**INSTRUCTIONS TO FOLLOW**
Using the listing below, print exactly everything from the line with "Psi \<alpha> \<beta> (Suc" down to the line with "x = Psi_tail", both included, and nothing more.

**AVAILABLE RECORDS**
(* For any $\lambda_0,\lambda_1>0$ there is a function $f:(0,\infty)\to[0,\infty)$ with $\lim_{\epsilon\downarrow0}f(\epsilon)=0$ such that $$\mathcal{M}_{n+2}^{\epsilon,\lambda_0,\lambda_1}(x)\le f(\epsilon)\,\mathcal{M}_n^{\epsilon,\lambda_0,\lambda_1}(x)\quad\text{for all } n\in\mathbb{N},\ x\in\Gamma^\circ.$$
   Context: Fix $\alpha>\beta>0$. For $i\in\{0,1\}$ let $\Phi_i^t(x)=(i+(x_1-i)e^{-\alpha t},i+(x_2-i)e^{-\beta t})$ and $\Psi_i^t=\Phi_i^{-t}$. Let $\Gamma=\{(x_1,x_2):0\le x_2\le1,\ x_2^{\alpha/\beta}\le x_1\le1-(1-x_2)^{\alpha/\beta}\}$, $\Gamma^\circ$ its interior. For $\mathbf t=(t_1,\dots,t_n)\in(0,\infty)^n$ let $\Psi_0^{\mathbf t}$ be obtained by first applying $\Psi_0^{t_n}$, then $\Psi_1^{t_{n-1}}$, then $\Psi_0^{t_{n-2}}$, and so on alternately; for $0\le j\le n-1$, $\Psi_0^{(t_{n-j},\dots,t_n)}$ is the analogous map built from the last $j+1$ times. Let $T_0^n(x)=\{\mathbf t\in(0,\infty)^n:\Psi_0^{\mathbf t}(x)\in\Gamma^\circ\}$, $D(x)=\alpha\beta(x_1-x_2)$, and $M_n^\epsilon(x)=\{\mathbf t\in T_0^n(x):|D(\Psi_0^{(t_{n-j},\dots,t_n)}x)|<\epsilon,\ 0\le j\le n-1\}$. For real $\lambda_0,\lambda_1$, let $\lambda_0^{(n)}\in\mathbb{R}^n$ be the vector with alternating entries $\lambda_0,\lambda_1$ whose last entry is $\lambda_0$, and $\mathcal{M}_n^{\epsilon,\lambda_0,\lambda_1}(x)=\int_{M_n^\epsilon(x)}e^{-\langle\lambda_0^{(n)},\mathbf t\rangle}\,d\mathbf t$. *)

theory Defs
  imports "HOL-Analysis.Analysis"
begin

text \<open>Points of the plane are pairs of reals. Time vectors in (0,inf)^n are
  functions on the index set {..<n}: entry t_k (k = 1..n) of the paper is t (k - 1).\<close>

text \<open>Psi_i^s = Phi_i^{-s}, i in {0,1}.\<close>
definition Psi :: "real \<Rightarrow> real \<Rightarrow> nat \<Rightarrow> real \<Rightarrow> real \<times> real \<Rightarrow> real \<times> real" where
  "Psi \<alpha> \<beta> i s x = (real i + (fst x - real i) * exp (\<alpha> * s),
                      real i + (snd x - real i) * exp (\<beta> * s))"

text \<open>Psi_tail \<alpha> \<beta> t n j x = Psi_0^{(t_{n-j},...,t_n)}(x): first Psi_0^{t_n},
  then Psi_1^{t_{n-1}}, then Psi_0^{t_{n-2}}, ..., finally Psi_{j mod 2}^{t_{n-j}}.\<close>
fun Psi_tail :: "real \<Rightarrow> real \<Rightarrow> (nat \<Rightarrow> real) \<Rightarrow> nat \<Rightarrow> nat \<Rightarrow> real \<times> real \<Rightarrow> real \<times> real" where
  "Psi_tail \<alpha> \<beta> t n 0 x = Psi \<alpha> \<beta> 0 (t (n - 1)) x"
| "Psi_tail \<alpha> \<beta> t n (Suc j) x =
     Psi \<alpha> \<beta> (Suc j mod 2) (t (n - 1 - Suc j)) (Psi_tail \<alpha> \<beta> t n j x)"

definition Psi_full :: "real \<Rightarrow> real \<Rightarrow> (nat \<Rightarrow> real) \<Rightarrow> nat \<Rightarrow> real \<times> real \<Rightarrow> real \<times> real" where
  "Psi_full \<alpha> \<beta> t n x = Psi_tail \<alpha> \<beta> t n (n - 1) x"

definition Gamma :: "real \<Rightarrow> real \<Rightarrow> (real \<times> real) set" where
  "Gamma \<alpha> \<beta> = {x. 0 \<le> snd x \<and> snd x \<le> 1 \<and> snd x powr (\<alpha> / \<beta>) \<le> fst x
                   \<and> fst x \<le> 1 - (1 - snd x) powr (\<alpha> / \<beta>)}"

definition Dfun :: "real \<Rightarrow> real \<Rightarrow> real \<times> real \<Rightarrow> real" where
  "Dfun \<alpha> \<beta> x = \<alpha> * \<beta> * (fst x - snd x)"

definition T0 :: "real \<Rightarrow> real \<Rightarrow> nat \<Rightarrow> real \<times> real \<Rightarrow> (nat \<Rightarrow> real) set" where
  "T0 \<alpha> \<beta> n x = {t \<in> {..<n} \<rightarrow>\<^sub>E {0<..}. Psi_full \<alpha> \<beta> t n x \<in> interior (Gamma \<alpha> \<beta>)}"

definition Mset :: "real \<Rightarrow> real \<Rightarrow> nat \<Rightarrow> real \<Rightarrow> real \<times> real \<Rightarrow> (nat \<Rightarrow> real) set" where
  "Mset \<alpha> \<beta> n \<epsilon> x = {t \<in> T0 \<alpha> \<beta> n x. \<forall>j<n. \<bar>Dfun \<alpha> \<beta> (Psi_tail \<alpha> \<beta> t n j x)\<bar> < \<epsilon>}"

definition lamvec :: "real \<Rightarrow> real \<Rightarrow> nat \<Rightarrow> nat \<Rightarrow> real" where
  "lamvec l0 l1 n i = (if even (n - 1 - i) then l0 else l1)"

definition Mint :: "real \<Rightarrow> real \<Rightarrow> nat \<Rightarrow> real \<Rightarrow> real \<Rightarrow> real \<Rightarrow> real \<times> real \<Rightarrow> ennreal" where
  "Mint \<alpha> \<beta> n \<epsilon> l0 l1 x =
     (\<integral>\<^sup>+ t. indicator (Mset \<alpha> \<beta> n \<epsilon> x) t
              * ennreal (exp (- (\<Sum>i<n. lamvec l0 l1 n i * t i)))
        \<partial>(PiM {..<n} (\<lambda>_. lborel)))"

end

theory Submission
  imports Defs
begin

text \<open>Integrate out the times t 0 and t 1 of the last two flows. The region \<Gamma> is
  forward invariant under the contracting flows \<Phi>_i, so the point y reached after the first
  n flows lies in the interior of \<Gamma> and the remaining times form an admissible n-vector.
  The next two points lie within \<epsilon>/(\<alpha>\<beta>) of the diagonal, while the coordinates of an
  exponential flow separate at rate at least \<alpha> - \<beta>; hence either t 0 is O(\<epsilon>), or t 1 lies in
  a window of length O(\<epsilon>) determined by y alone. Bounding the weight of (t 0, t 1) by
  exp (- min l0 l1 (t 0 + t 1)), these two strips carry mass at most
  12 \<epsilon> / (\<alpha> \<beta> (\<alpha> - \<beta>) min l0 l1).\<close>

definition point_reflect :: "real \<times> real \<Rightarrow> real \<times> real" where
  "point_reflect x = (1 - fst x, 1 - snd x)"
lemma distr_PiM_comp_block_swap:
  assumes "prob_space M"
  shows "distr (PiM UNIV (\<lambda>_. M)) (PiM UNIV (\<lambda>_. M)) (\<lambda>\<omega>. \<omega> \<circ> block_swap n) = PiM UNIV (\<lambda>_. M)"
  using distr_PiM_reindex[of UNIV "\<lambda>_. M" "block_swap n" UNIV] assms inj_block_swap
  by (simp add: restrict_def o_def)

lemma measure_initial_cylinder_Int_block_swap:
  fixes M :: "'a measure"
  assumes M: "prob_space M" and X: "X \<in> sets (PiM {..<n} (\<lambda>_. M))"
  defines "Q \<equiv> PiM UNIV (\<lambda>_::nat. M)" and "B \<equiv> prod_emb UNIV (\<lambda>_. M) {..<n} X"
  shows "measure Q (B \<inter> ((\<lambda>\<omega>. \<omega> \<circ> block_swap n) -` B \<inter> space Q)) = measure Q B ^ 2"
proof -
  let ?f = "\<lambda>\<omega>. \<omega> \<circ> block_swap n"
  define Y where "Y = (\<lambda>y. \<lambda>i\<in>{..<n}. y (i + n)) -` X \<inter> space (PiM {n..<2*n} (\<lambda>_. M))"
  have Y_sets: "Y \<in> sets (PiM {n..<2*n} (\<lambda>_. M))"
    unfolding Y_def using X
    by (intro measurable_sets[OF _ X] measurable_restrict measurable_component_singleton) auto
  have "?f -` B \<inter> space Q = prod_emb UNIV (\<lambda>_. M) {n..<2*n} Y"
  proof -
    have swap_restrict: "restrict (?f \<omega>) {..<n} = (\<lambda>i\<in>{..<n}. restrict \<omega> {n..<2*n} (i + n))" for \<omega>
      by (auto simp: block_swap_def fun_eq_iff)
    show ?thesis
      by (auto simp: B_def Y_def Q_def prod_emb_def space_PiM PiE_iff swap_restrict)
  qed
  moreover have "measure Q (?f -` B \<inter> space Q) = measure Q B"
    using measure_distr[OF measurable_comp_block_swap[of n M], of B] distr_PiM_comp_block_swap[OF M] X
    by (simp add: B_def Q_def)
  moreover have "{..<n} \<inter> {n..<2*n} = {}" by auto
  ultimately show ?thesis
    using measure_PiM_prod_emb_Int[of "\<lambda>_. M" "{..<n}" "{n..<2*n}" X Y] M X Y_sets
    by (simp add: B_def Q_def power2_eq_square)
qed
(* Let $p>6$ and assume $h$ satisfies $(h_1)$. If $u\in H^{s,2}$ satisfies $u^+\neq0$ and $u^-\neq0$, then there exists a unique pair $(r_u,t_u)\in(0,\infty)\times(0,\infty)$ such that $r_uu^++t_uu^-\in\mathcal{M}_{s,2}$.
   Context: Let $d\ge 1$ and $s\in(0,1)$. $\mathbb{Z}^d$ is the integer lattice graph (vertices $\mathbb{Z}^d$, edges between $x,y$ with $\sum_i|x_i-y_i|=1$), with graph distance $|x-y|=\sum_{i=1}^d|x_i-y_i|$ and counting measure $\mu$; $\int_{\mathbb{Z}^d}f\,d\mu:=\sum_{x\in\mathbb{Z}^d}f(x)$. The weight $w_s(x,y)$, defined for $x\neq y$, is symmetric, positive, and satisfies $c_{s,d}|x-y|^{-d-2s}\le w_s(x,y)\le C_{s,d}|x-y|^{-d-2s}$ for some constants $0<c_{s,d}\le C_{s,d}$. For $u,v:\mathbb{Z}^d\to\mathbb{R}$ set $\nabla^s u\nabla^s v(x)=\frac12\sum_{y\neq x}w_s(x,y)(u(x)-u(y))(v(x)-v(y))$, $|\nabla^s u|^2(x)=\nabla^s u\nabla^s u(x)$, $\|\nabla^s u\|_2^2:=\int_{\mathbb{Z}^d}|\nabla^s u|^2d\mu$, and $(-\Delta)^s u(x)=\sum_{y\neq x}w_s(x,y)(u(x)-u(y))$; $\|u\|_q$ denotes the $\ell^q(\mathbb{Z}^d)$ norm. Fix constants $a,b>0$ and $p>2$. The potential $h:\mathbb{Z}^d\to\mathbb{R}$ may satisfy: $(h_1)$ there is $h_0>0$ with $h(x)\ge h_0$ for all $x$; $(h_2)$ there is $x_0\in\mathbb{Z}^d$ with $h(x)\to\infty$ as $|x-x_0|\to\infty$. $W^{s,2}(\mathbb{Z}^d)$ is the completion of finitely supported functions under $\|u\|_{W^{s,2}}^2=\int(|\nabla^s u|^2+u^2)d\mu$, and $H^{s,2}=\{u\in W^{s,2}:\int h u^2d\mu<\infty\}$ is the Hilbert space with inner product $\langle u,v\rangle_{H^{s,2}}=\int(a\nabla^s u\nabla^s v+huv)d\mu$ and norm $\|u\|_{H^{s,2}}$. Equation (E) is $\left(a+b\int_{\mathbb{Z}^d}|\nabla^s u|^2d\mu\right)(-\Delta)^s u+h(x)u=|u|^{p-2}u\log u^2$ on $\mathbb{Z}^d$ (with $|t|^{p-2}t\log t^2:=0$ at $t=0$). The energy is $J_{s,2}(u)=\frac12\|u\|_{H^{s,2}}^2+\frac b4\|\nabla^s u\|_2^4+\frac{2}{p^2}\int|u|^pd\mu-\frac1p\int|u|^p\log u^2d\mu$, a $C^1$ functional on $H^{s,2}$ with $\langle J_{s,2}'(u),\phi\rangle=\int(a\nabla^s u\nabla^s\phi+hu\phi)d\mu+b\|\nabla^s u\|_2^2\int\nabla^s u\nabla^s\phi\,d\mu-\int|u|^{p-2}u\phi\log u^2d\mu$. A weak solution is a critical point of $J_{s,2}$; nontrivial means $\neq0$. $u^+=\max\{u,0\}$, $u^-=\min\{u,0\}$. Nehari manifold: $\mathcal{N}_{s,2}=\{v\in H^{s,2}\setminus\{0\}:\langle J_{s,2}'(v),v\rangle=0\}$. Sign-changing Nehari set: $\mathcal{M}_{s,2}=\{v\in H^{s,2}: v^\pm\neq0,\ \langle J_{s,2}'(v),v^+\rangle=\langle J_{s,2}'(v),v^-\rangle=0\}$. A ground state solution is a nontrivial weak solution $u$ with $J_{s,2}(u)=\inf_{\mathcal{N}_{s,2}}J_{s,2}$; a sign-changing solution is a weak solution $u$ with $u^\pm\not\equiv0$; a ground state sign-changing solution is a sign-changing solution $u$ with $J_{s,2}(u)=\inf_{\mathcal{M}_{s,2}}J_{s,2}$. For $u\in H^{s,2}$, $K(u)=\sum_{x}\sum_{y\neq x}w_s(x,y)[u^+(y)u^-(x)+u^-(y)u^+(x)]$. *)

theory Defs
  imports "HOL-Analysis.Analysis"
begin

type_synonym 'd lat = "int ^ 'd"

definition ldist :: "'d::finite lat \<Rightarrow> 'd lat \<Rightarrow> real" where
  "ldist x y = (\<Sum>i\<in>UNIV. real_of_int \<bar>x $ i - y $ i\<bar>)"

definition admissible_weight :: "real \<Rightarrow> ('d::finite lat \<Rightarrow> 'd lat \<Rightarrow> real) \<Rightarrow> bool" where
  "admissible_weight s w \<longleftrightarrow>
     (\<forall>x y. x \<noteq> y \<longrightarrow> w x y = w y x \<and> 0 < w x y) \<and>
     (\<exists>c C. 0 < c \<and> c \<le> C \<and>
        (\<forall>x y. x \<noteq> y \<longrightarrow>
            c * ldist x y powr (- (real CARD('d) + 2 * s)) \<le> w x y \<and>
            w x y \<le> C * ldist x y powr (- (real CARD('d) + 2 * s))))"

definition grad_sq :: "('d::finite lat \<Rightarrow> 'd lat \<Rightarrow> real) \<Rightarrow> ('d lat \<Rightarrow> real) \<Rightarrow> 'd lat \<Rightarrow> ennreal" where
  "grad_sq w u x = (\<Sum>\<^sub>\<infinity>y\<in>UNIV - {x}. ennreal (w x y * (u x - u y)^2 / 2))"

definition W_norm_sq :: "('d::finite lat \<Rightarrow> 'd lat \<Rightarrow> real) \<Rightarrow> ('d lat \<Rightarrow> real) \<Rightarrow> ennreal" where
  "W_norm_sq w u = (\<Sum>\<^sub>\<infinity>x\<in>UNIV. grad_sq w u x + ennreal ((u x)^2))"

text \<open>W^{s,2}: completion of finitely supported functions, realised as the functions
  that are W-norm limits of finitely supported functions.\<close>
definition W_space :: "('d::finite lat \<Rightarrow> 'd lat \<Rightarrow> real) \<Rightarrow> ('d lat \<Rightarrow> real) set" where
  "W_space w = {u. \<exists>\<phi> :: nat \<Rightarrow> 'd lat \<Rightarrow> real.
      (\<forall>n. finite {x. \<phi> n x \<noteq> 0}) \<and>
      ((\<lambda>n. W_norm_sq w (\<lambda>x. \<phi> n x - u x)) \<longlongrightarrow> 0) sequentially}"

definition H_space :: "('d::finite lat \<Rightarrow> 'd lat \<Rightarrow> real) \<Rightarrow> ('d lat \<Rightarrow> real) \<Rightarrow> ('d lat \<Rightarrow> real) set" where
  "H_space w h = {u \<in> W_space w. (\<Sum>\<^sub>\<infinity>x\<in>UNIV. ennreal (h x * (u x)^2)) < \<infinity>}"

definition grad_prod :: "('d::finite lat \<Rightarrow> 'd lat \<Rightarrow> real) \<Rightarrow> ('d lat \<Rightarrow> real) \<Rightarrow> ('d lat \<Rightarrow> real) \<Rightarrow> 'd lat \<Rightarrow> real" where
  "grad_prod w u v x = (1/2) * (\<Sum>\<^sub>\<infinity>y\<in>UNIV - {x}. w x y * (u x - u y) * (v x - v y))"

definition grad_norm_sq :: "('d::finite lat \<Rightarrow> 'd lat \<Rightarrow> real) \<Rightarrow> ('d lat \<Rightarrow> real) \<Rightarrow> real" where
  "grad_norm_sq w u = (\<Sum>\<^sub>\<infinity>x\<in>UNIV. grad_prod w u u x)"

definition nonlin :: "real \<Rightarrow> real \<Rightarrow> real" where
  "nonlin p t = (if t = 0 then 0 else \<bar>t\<bar> powr (p - 2) * t * ln (t^2))"

definition Jderiv :: "real \<Rightarrow> real \<Rightarrow> real \<Rightarrow> ('d::finite lat \<Rightarrow> 'd lat \<Rightarrow> real) \<Rightarrow> ('d lat \<Rightarrow> real)
    \<Rightarrow> ('d lat \<Rightarrow> real) \<Rightarrow> ('d lat \<Rightarrow> real) \<Rightarrow> real" where
  "Jderiv a b p w h u \<phi> =
     (\<Sum>\<^sub>\<infinity>x\<in>UNIV. a * grad_prod w u \<phi> x + h x * u x * \<phi> x)
     + b * grad_norm_sq w u * (\<Sum>\<^sub>\<infinity>x\<in>UNIV. grad_prod w u \<phi> x)
     - (\<Sum>\<^sub>\<infinity>x\<in>UNIV. nonlin p (u x) * \<phi> x)"

definition pos_part :: "('d lat \<Rightarrow> real) \<Rightarrow> 'd lat \<Rightarrow> real" where
  "pos_part u = (\<lambda>x. max (u x) 0)"

definition neg_part :: "('d lat \<Rightarrow> real) \<Rightarrow> 'd lat \<Rightarrow> real" where
  "neg_part u = (\<lambda>x. min (u x) 0)"

definition M_set :: "real \<Rightarrow> real \<Rightarrow> real \<Rightarrow> ('d::finite lat \<Rightarrow> 'd lat \<Rightarrow> real) \<Rightarrow> ('d lat \<Rightarrow> real)
    \<Rightarrow> ('d lat \<Rightarrow> real) set" where
  "M_set a b p w h = {v \<in> H_space w h. pos_part v \<noteq> (\<lambda>_. 0) \<and> neg_part v \<noteq> (\<lambda>_. 0) \<and>
      Jderiv a b p w h v (pos_part v) = 0 \<and> Jderiv a b p w h v (neg_part v) = 0}"

end

theory Submission
  imports Defs
begin
(* Let $\mathcal H$ be a Hopf algebra over a commutative ring $k$ with bijective antipode $S$, and let $C$ be a left $\mathcal H$-module coalgebra. Then the map on the $k$-module $C\otimes \mathcal H$ $$\Delta(a\otimes g)=\big(a^{(0)}\otimes g^{(1)}\big)\otimes\big(S^{-1}(g^{(0)}S(g^{(2)}))\cdot a^{(1)}\otimes g^{(3)}\big)$$ is a coassociative comultiplication with counit $\epsilon_C\otimes\epsilon_{\mathcal H}$. The resulting coalgebra is denoted $C>\!\!\blacktriangleleft\mathcal H$.
   Context: Sweedler notation: for a coalgebra element $c$, $\Delta c=c^{(0)}\otimes c^{(1)}$, $\Delta^n c=c^{(0)}\otimes\cdots\otimes c^{(n)}$ (summation understood); same notation in $\mathcal H$. A left $\mathcal H$-module coalgebra is a coalgebra $(C,\Delta,\epsilon_C)$ which is a left $\mathcal H$-module, $h\otimes c\mapsto h\cdot c$, such that $\Delta(h\cdot c)=h^{(0)}\cdot c^{(0)}\otimes h^{(1)}\cdot c^{(1)}$ and $\epsilon_C(h\cdot c)=\epsilon(h)\epsilon_C(c)$. *)

theory Defs
  imports Main "HOL-Library.Poly_Mapping"
begin

record ('k, 'a) kmod =
  mcarrier :: "'a set"
  madd :: "'a \<Rightarrow> 'a \<Rightarrow> 'a"
  mzero :: 'a
  msmult :: "'k \<Rightarrow> 'a \<Rightarrow> 'a"

definition kmodule :: "('k::comm_ring_1, 'a) kmod \<Rightarrow> bool" where
  "kmodule M \<longleftrightarrow>
     mzero M \<in> mcarrier M \<and>
     (\<forall>x\<in>mcarrier M. \<forall>y\<in>mcarrier M. madd M x y \<in> mcarrier M) \<and>
     (\<forall>r. \<forall>x\<in>mcarrier M. msmult M r x \<in> mcarrier M) \<and>
     (\<forall>x\<in>mcarrier M. \<forall>y\<in>mcarrier M. \<forall>z\<in>mcarrier M.
        madd M (madd M x y) z = madd M x (madd M y z)) \<and>
     (\<forall>x\<in>mcarrier M. \<forall>y\<in>mcarrier M. madd M x y = madd M y x) \<and>
     (\<forall>x\<in>mcarrier M. madd M (mzero M) x = x) \<and>
     (\<forall>x\<in>mcarrier M. \<exists>y\<in>mcarrier M. madd M x y = mzero M) \<and>
     (\<forall>r. \<forall>x\<in>mcarrier M. \<forall>y\<in>mcarrier M.
        msmult M r (madd M x y) = madd M (msmult M r x) (msmult M r y)) \<and>
     (\<forall>r s. \<forall>x\<in>mcarrier M. msmult M (r + s) x = madd M (msmult M r x) (msmult M s x)) \<and>
     (\<forall>r s. \<forall>x\<in>mcarrier M. msmult M (r * s) x = msmult M r (msmult M s x)) \<and>
     (\<forall>x\<in>mcarrier M. msmult M 1 x = x)"
section \<open>Second-order-cone representable predicates\<close>

text \<open>A form that is affine in \<open>x\<close> and in finitely many of the variables \<open>z\<close>; asking for the
  representation for all large \<open>m\<close> lets finitely many forms share one number of variables.\<close>

definition affine_form :: "('a::real_inner \<Rightarrow> (nat \<Rightarrow> real) \<Rightarrow> real) \<Rightarrow> bool" where
  "affine_form \<phi> \<longleftrightarrow>
     (\<forall>\<^sub>F m in sequentially. \<exists>e ez f. \<forall>x z. \<phi> x z = e \<bullet> x + (\<Sum>j<m. ez j * z j) + f)"

lemma affine_formE:
  assumes "affine_form \<phi>"
  obtains e ez m f where "\<And>x z. \<phi> x z = e \<bullet> x + (\<Sum>j<m. ez j * z j) + f"
  using assms unfolding affine_form_def eventually_sequentially by (meson order_refl)

lemma affine_form_const: "affine_form (\<lambda>x z. c)"
  unfolding affine_form_def
  by (intro always_eventually allI exI[of _ 0] exI[of _ "\<lambda>_. 0"] exI[of _ c]) simp

lemma affine_form_inner: "affine_form (\<lambda>x z. v \<bullet> x)"
  unfolding affine_form_def
  by (intro always_eventually allI exI[of _ v] exI[of _ "\<lambda>_. 0"] exI[of _ 0]) simp

lemma affine_form_component: "affine_form (\<lambda>(x::real^'n) z. x $ i)"
  using affine_form_inner[of "axis i (1::real)"] by (simp add: inner_axis')

lemma affine_form_var: "affine_form (\<lambda>x z. z j)"
  unfolding affine_form_def using eventually_gt_at_top[of j]
proof eventually_elim
  case (elim m)
  then have "(\<Sum>i<m. (if i = j then 1 else 0) * z i) = z j" for z :: "nat \<Rightarrow> real"
    by (simp add: of_bool_def[symmetric])
  then show ?case by (intro exI[of _ 0] exI[of _ "\<lambda>i. if i = j then 1 else 0"] exI[of _ 0]) simp
qed

lemma affine_form_add:
  assumes "affine_form \<phi>" "affine_form \<psi>"
  shows "affine_form (\<lambda>x z. \<phi> x z + \<psi> x z)"
  using assms unfolding affine_form_def
proof eventually_elim
  case (elim m)
  then obtain e1 ez1 f1 e2 ez2 f2
    where "\<And>x z. \<phi> x z = e1 \<bullet> x + (\<Sum>j<m. ez1 j * z j) + f1"
      and "\<And>x z. \<psi> x z = e2 \<bullet> x + (\<Sum>j<m. ez2 j * z j) + f2"
    by blast
  then show ?case
    by (intro exI[of _ "e1 + e2"] exI[of _ "\<lambda>j. ez1 j + ez2 j"] exI[of _ "f1 + f2"])
      (simp add: inner_add_left distrib_right sum.distrib)
qed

**FINAL ANSWER**
     Psi \<alpha> \<beta> (Suc j mod 2) (t (n - 1 - Suc j)) (Psi_tail \<alpha> \<beta> t n j x)"

definition Psi_full :: "real \<Rightarrow> real \<Rightarrow> (nat \<Rightarrow> real) \<Rightarrow> nat \<Rightarrow> real \<times> real \<Rightarrow> real \<times> real" where
  "Psi_full \<alpha> \<beta> t n x = Psi_tail \<alpha> \<beta> t n (n - 1) x"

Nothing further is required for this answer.